Woah! That looks and sounds awesome. Love the stereo options.


----------



## geekmacdaddy (Aug 27, 2019)

p_wats said:


> Woah! That looks and sounds awesome. Love the stereo options.


 thank you


----------



## Fuzzonaut (Aug 27, 2019)

Ahh those sounds, phasing at its best! I also love the name!


----------



## geekmacdaddy (Aug 27, 2019)

Fuzzonaut said:


> Ahh those sounds, phasing at its best! I also love the name!


thanks


----------



## Gordo (Aug 27, 2019)

Great build in and out and I REALLY liked the stereo demo.  That slow sweep spinning around my monitors sounded crazy good.  Nicely done!


----------



## geekmacdaddy (Aug 27, 2019)

Gordo said:


> Great build in and out and I REALLY liked the stereo demo.  That slow sweep spinning around my monitors sounded crazy good.  Nicely done!


Exactly what I like about it too, Gordo.

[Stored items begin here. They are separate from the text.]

(* Let $(N_m)_{m\ge 0}$ be positive integers with $N_0=N$, and for each $m\ge1$ let $W_m:\mathbb{R}^{N_{m-1}}\to\mathbb{C}^{N_m}$ be linear with $W_m^*W_m=\mathrm{Id}$. Let $X$ be a random vector in $\mathbb{R}^N$ with $E(\|X\|^2)<\infty$ and let $(X_m)_{m\ge0}$ be its expected scattering layers. Then for every $M>0$, $$\lim_{m\to\infty}E\big(\|X_m\|\,\mathbf{1}_{\|X\|\le M}\big)=0.$$
   Context: For $z\in\mathbb{C}^n$, $|z|$ denotes the vector of coordinatewise complex moduli; $\|\cdot\|$ is the Euclidean norm. Expected scattering layers: $X_0=X$ and $X_{m+1}=|W_{m+1}(X_m-E(X_m))|\in\mathbb{R}^{N_{m+1}}$ for $m\ge0$. *)

theory Defs
  imports "HOL-Probability.Probability"
begin

text \<open>Vectors of R^n / C^n are represented as functions on nat; only the
coordinates below the dimension matter. A linear map W : R^p -> C^q is given by its
complex q x p matrix (entries W i j, i < q, j < p).\<close>

definition vnorm :: "nat \<Rightarrow> (nat \<Rightarrow> real) \<Rightarrow> real" where
  "vnorm n x = sqrt (\<Sum>j<n. (x j)^2)"

definition apply_lin :: "(nat \<Rightarrow> nat \<Rightarrow> complex) \<Rightarrow> nat \<Rightarrow> (nat \<Rightarrow> real) \<Rightarrow> (nat \<Rightarrow> complex)" where
  "apply_lin A p x = (\<lambda>i. \<Sum>j<p. A i j * complex_of_real (x j))"

text \<open>Adjoint of the real-linear map R^p -> C^q (w.r.t. the real inner products
on R^p and on C^q = R^(2q), i.e. Re of the Hermitian product): C^q -> R^p.\<close>
definition adj_lin :: "(nat \<Rightarrow> nat \<Rightarrow> complex) \<Rightarrow> nat \<Rightarrow> (nat \<Rightarrow> complex) \<Rightarrow> (nat \<Rightarrow> real)" where
  "adj_lin A q z = (\<lambda>j. Re (\<Sum>i<q. cnj (A i j) * z i))"

fun scat :: "'a measure \<Rightarrow> (nat \<Rightarrow> nat) \<Rightarrow> (nat \<Rightarrow> nat \<Rightarrow> nat \<Rightarrow> complex)
              \<Rightarrow> ('a \<Rightarrow> nat \<Rightarrow> real) \<Rightarrow> nat \<Rightarrow> 'a \<Rightarrow> nat \<Rightarrow> real" where
  "scat M N W X 0 = X"
| "scat M N W X (Suc m) = (\<lambda>\<omega> i.
     if i < N (Suc m) then
       cmod (apply_lin (W (Suc m)) (N m)
               (\<lambda>j. scat M N W X m \<omega> j - integral\<^sup>L M (\<lambda>\<eta>. scat M N W X m \<eta> j)) i)
     else 0)"

end

theory Submission
  imports Defs
begin

text \<open>
  Let E_m(w) = |X_m(w)|^2 and c_m = |E(X_m)|^2. Since W_{m+1} is an isometry,
  E_{m+1}(w) = |X_m(w) - E(X_m)|^2, so E(E_{m+1}) = E(E_m) - c_m and the series of the c_m
  converges. Each layer is a 1-Lipschitz function of X, and from m = 1 on it is nonnegative,
  so 2 <X_m(w), X_m(v)> >= E_m(w) - |X(w) - X(v)|^2. Averaging over v gives
  E_{m+1}(w) <= E_m(w) - p_e(w) max (E_m(w) - e) 0 + c_m, where p_e(w) is the probability
  that X lies within distance sqrt e of X(w). For almost every w all the p_e(w) are positive,
  so E_m(w) tends to 0 almost surely. On the event |X| <= B the energies are uniformly
  bounded, and dominated convergence concludes.
\<close>

lemma apply_lin_diff:
  "apply_lin A p x i - apply_lin A p y i = apply_lin A p (\<lambda>j. x j - y j) i"
  by (simp add: apply_lin_def sum_subtractf[symmetric] algebra_simps)

lemma sum_cmod_apply_lin_sq:
  assumes adj: "\<And>x j. j < p \<Longrightarrow> adj_lin A q (apply_lin A p x) j = x j"
  shows "(\<Sum>i<q. (cmod (apply_lin A p x i))^2) = (\<Sum>j<p. (x j)^2)"
proof -
  let ?z = "apply_lin A p x"
  have "complex_of_real (\<Sum>i<q. (cmod (?z i))^2) = (\<Sum>i<q. cnj (?z i) * ?z i)"
    unfolding of_real_sum complex_norm_square by (simp add: mult.commute)
  also have "\<dots> = (\<Sum>j<p. complex_of_real (x j) * (\<Sum>i<q. cnj (A i j) * ?z i))"
    by (simp add: apply_lin_def sum_distrib_left sum_distrib_right mult_ac sum.swap[of _ "{..<q}"])
  finally have "(\<Sum>i<q. (cmod (?z i))^2)
      = Re (\<Sum>j<p. complex_of_real (x j) * (\<Sum>i<q. cnj (A i j) * ?z i))"
    by (metis Re_complex_of_real)
  also have "\<dots> = (\<Sum>j<p. x j * adj_lin A q ?z j)"
    by (simp add: adj_lin_def)
  also have "\<dots> = (\<Sum>j<p. (x j)^2)"
    using adj by (simp add: power2_eq_square)
  finally show ?thesis .
qed

lemma sum_sq_diff_cmod_apply_lin_le:
  assumes adj: "\<And>x j. j < p \<Longrightarrow> adj_lin A q (apply_lin A p x) j = x j"
  shows "(\<Sum>i<q. (cmod (apply_lin A p x i) - cmod (apply_lin A p y i))^2) \<le> (\<Sum>j<p. (x j - y j)^2)"
proof -
  have "(\<Sum>i<q. (cmod (apply_lin A p x i) - cmod (apply_lin A p y i))^2)
        \<le> (\<Sum>i<q. (cmod (apply_lin A p (\<lambda>j. x j - y j) i))^2)"
    by (intro sum_mono) (metis apply_lin_diff abs_le_square_iff abs_norm_cancel norm_triangle_ineq3)
  also have "\<dots> = (\<Sum>j<p. (x j - y j)^2)"
    by (rule sum_cmod_apply_lin_sq[OF adj])
  finally show ?thesis .
qed

lemma tendsto_zero_of_perturbed_contraction:
  fixes v c :: "nat \<Rightarrow> real"
  assumes v: "\<And>m. 0 \<le> v m" and c: "c \<longlonglongrightarrow> 0" and p: "0 < p" "p \<le> 1"
    and step: "eventually (\<lambda>m. v (Suc m) \<le> (1 - p) * v m + c m) sequentially"
  shows "v \<longlonglongrightarrow> 0"
proof (rule order_tendstoI)
  show "eventually (\<lambda>m. a < v m) sequentially" if "a < 0" for a
    using that v by (intro always_eventually allI) (rule less_le_trans)
  fix r :: real assume r: "0 < r"
  define \<delta> where "\<delta> = r / 2"
  have "eventually (\<lambda>m. c m < p * \<delta>) sequentially"
    using c p r by (intro order_tendstoD) (auto simp: \<delta>_def)
  with step have "eventually (\<lambda>m. v (Suc m) - \<delta> \<le> (1 - p) * (v m - \<delta>)) sequentially"
    by eventually_elim (simp add: algebra_simps)
  then obtain K where K: "\<And>m. m \<ge> K \<Longrightarrow> v (Suc m) - \<delta> \<le> (1 - p) * (v m - \<delta>)"
    by (auto simp: eventually_sequentially)
  have geometric: "v (n + K) - \<delta> \<le> (1 - p)^n * (v K - \<delta>)" for n
  proof (induction n)
    case (Suc n)
    have "v (Suc n + K) - \<delta> \<le> (1 - p) * (v (n + K) - \<delta>)"
      using K[of "n + K"] by simp
    also have "\<dots> \<le> (1 - p) * ((1 - p)^n * (v K - \<delta>))"
      using Suc p by (intro mult_left_mono) auto
    finally show ?case by simp
  qed simp
  have "(\<lambda>n. (1 - p)^n * (v K - \<delta>)) \<longlonglongrightarrow> 0 * (v K - \<delta>)"
    using p by (intro tendsto_mult LIMSEQ_power_zero tendsto_const) auto
  then have "eventually (\<lambda>n. (1 - p)^n * (v K - \<delta>) < \<delta>) sequentially"
    using r by (intro order_tendstoD) (auto simp: \<delta>_def)
  then have "eventually (\<lambda>n. v (n + K) < r) sequentially"
  proof eventually_elim
    case (elim n)
    then show ?case
      using geometric[of n] unfolding \<delta>_def by linarith
  qed
  then show "eventually (\<lambda>m. v m < r) sequentially"
    by (rule eventually_sequentially_seg[THEN iffD1])
qed

lemma (in prob_space) AE_prob_fiber_pos:
  fixes q :: "'a \<Rightarrow> 'b::countable"
  assumes fiber: "\<And>l. {\<eta>\<in>space M. q \<eta> = l} \<in> sets M"
  shows "AE \<omega> in M. prob {\<eta>\<in>space M. q \<eta> = q \<omega>} > 0"
proof (rule AE_I')
  show "(\<Union>l\<in>{l. prob {\<eta>\<in>space M. q \<eta> = l} = 0}. {\<eta>\<in>space M. q \<eta> = l}) \<in> null_sets M"
    by (intro null_sets_UN') (auto intro: fiber simp: emeasure_eq_measure)
qed (auto simp: not_less dest: antisym[OF _ measure_nonneg])

lemma (in prob_space) AE_prob_sqdist_le_pos:
  fixes f :: "'a \<Rightarrow> nat \<Rightarrow> real"
  assumes meas: "\<And>j. j < n \<Longrightarrow> (\<lambda>\<omega>. f \<omega> j) \<in> borel_measurable M"
  shows "AE \<omega> in M. \<forall>e>0. prob {\<eta>\<in>space M. (\<Sum>j<n. (f \<omega> j - f \<eta> j)^2) \<le> e} > 0"
proof -
  define S where "S \<omega> e = {\<eta>\<in>space M. (\<Sum>j<n. (f \<omega> j - f \<eta> j)^2) \<le> e}" for \<omega> e
  have S_sets: "S \<omega> e \<in> sets M" for \<omega> e
    unfolding S_def using meas by measurable
  have "AE \<omega> in M. prob (S \<omega> e) > 0" if e: "e > 0" for e
  proof -
    define h where "h = sqrt (e / (n + 1))"
    have h: "h > 0" "h^2 = e / (n + 1)"
      using e by (auto simp: h_def)
    \<comment> \<open>q \<omega> indexes the cube of side h containing f \<omega>; such cubes have squared diameter below e.\<close>
    define q where "q \<omega> = map (\<lambda>j. \<lfloor>f \<omega> j / h\<rfloor>) [0..<n]" for \<omega>
    have "{\<eta>\<in>space M. q \<eta> = l} \<in> sets M" for l
    proof (cases "length l = n")
      case True
      then have "{\<eta>\<in>space M. q \<eta> = l} = {\<eta>\<in>space M. \<forall>j\<in>{..<n}. \<lfloor>f \<eta> j / h\<rfloor> = l ! j}"
        by (auto simp: q_def list_eq_iff_nth_eq)
      also have "\<dots> \<in> sets M"
        using meas by (intro sets.sets_Collect_finite_All) (measurable, auto)
      finally show ?thesis .
    next
      case False
      then have "{\<eta>\<in>space M. q \<eta> = l} = {}"
        by (auto simp: q_def)
      then show ?thesis
        by (metis sets.empty_sets)
    qed
    then have "AE \<omega> in M. prob {\<eta>\<in>space M. q \<eta> = q \<omega>} > 0"
      by (rule AE_prob_fiber_pos)
    moreover have fiber_sub: "{\<eta>\<in>space M. q \<eta> = q \<omega>} \<subseteq> S \<omega> e" for \<omega>
    proof safe
      fix \<eta> assume \<eta>: "\<eta> \<in> space M" and "q \<eta> = q \<omega>"
      then have same_floor: "\<lfloor>f \<eta> j / h\<rfloor> = \<lfloor>f \<omega> j / h\<rfloor>" if "j < n" for j
        using that by (auto simp: q_def list_eq_iff_nth_eq)
      have "\<bar>f \<omega> j / h - f \<eta> j / h\<bar> < 1" if "j < n" for j
        using same_floor[OF that] by linarith
      then have "\<bar>f \<omega> j - f \<eta> j\<bar> < h" if "j < n" for j
        using that h by (simp add: diff_divide_distrib[symmetric] field_simps)
      then have "(\<Sum>j<n. (f \<omega> j - f \<eta> j)^2) \<le> (\<Sum>j<n. e / (n + 1))"
        using h by (intro sum_mono) (metis abs_le_square_iff less_imp_le lessThan_iff abs_of_pos)
      also have "\<dots> \<le> e"
        using e by (simp add: field_simps)
      finally show "\<eta> \<in> S \<omega> e"
        using \<eta> by (simp add: S_def)
    qed
    ultimately show ?thesis
      by (elim AE_mp) (rule AE_I2, auto intro: less_le_trans[OF _ finite_measure_mono] S_sets)
  qed
  then have "AE \<omega> in M. \<forall>k. prob (S \<omega> (1 / Suc k)) > 0"
    by (simp add: AE_all_countable)
  then show ?thesis
    unfolding S_def[symmetric]
  proof eventually_elim
    case (elim \<omega>)
    show ?case
    proof (intro allI impI)
      fix e :: real assume "e > 0"
      then obtain k where "1 / Suc k < e"
        by (metis inverse_eq_divide reals_Archimedean)
      then have "S \<omega> (1 / Suc k) \<subseteq> S \<omega> e"
        by (auto simp: S_def)
      with elim show "prob (S \<omega> e) > 0"
        by (meson S_sets finite_measure_mono less_le_trans)
    qed
  qed
qed

lemma diff_square_le: "((a::real) - b)^2 \<le> 2 * a^2 + 2 * b^2"
  using zero_le_power2[of "a + b"] by (simp add: power2_eq_square algebra_simps)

Crazy pedal.


----------



## Dreamlands (Aug 27, 2019)

Sounds great, man.  Good stuff, thank you for sharing!


----------



## geekmacdaddy (Aug 27, 2019)

Dreamlands said:


> Sounds great, man.  Good stuff, thank you for sharing!


Thank you very much.  My pleasure.


----------



## Barry (Aug 28, 2019)

Awesome!


----------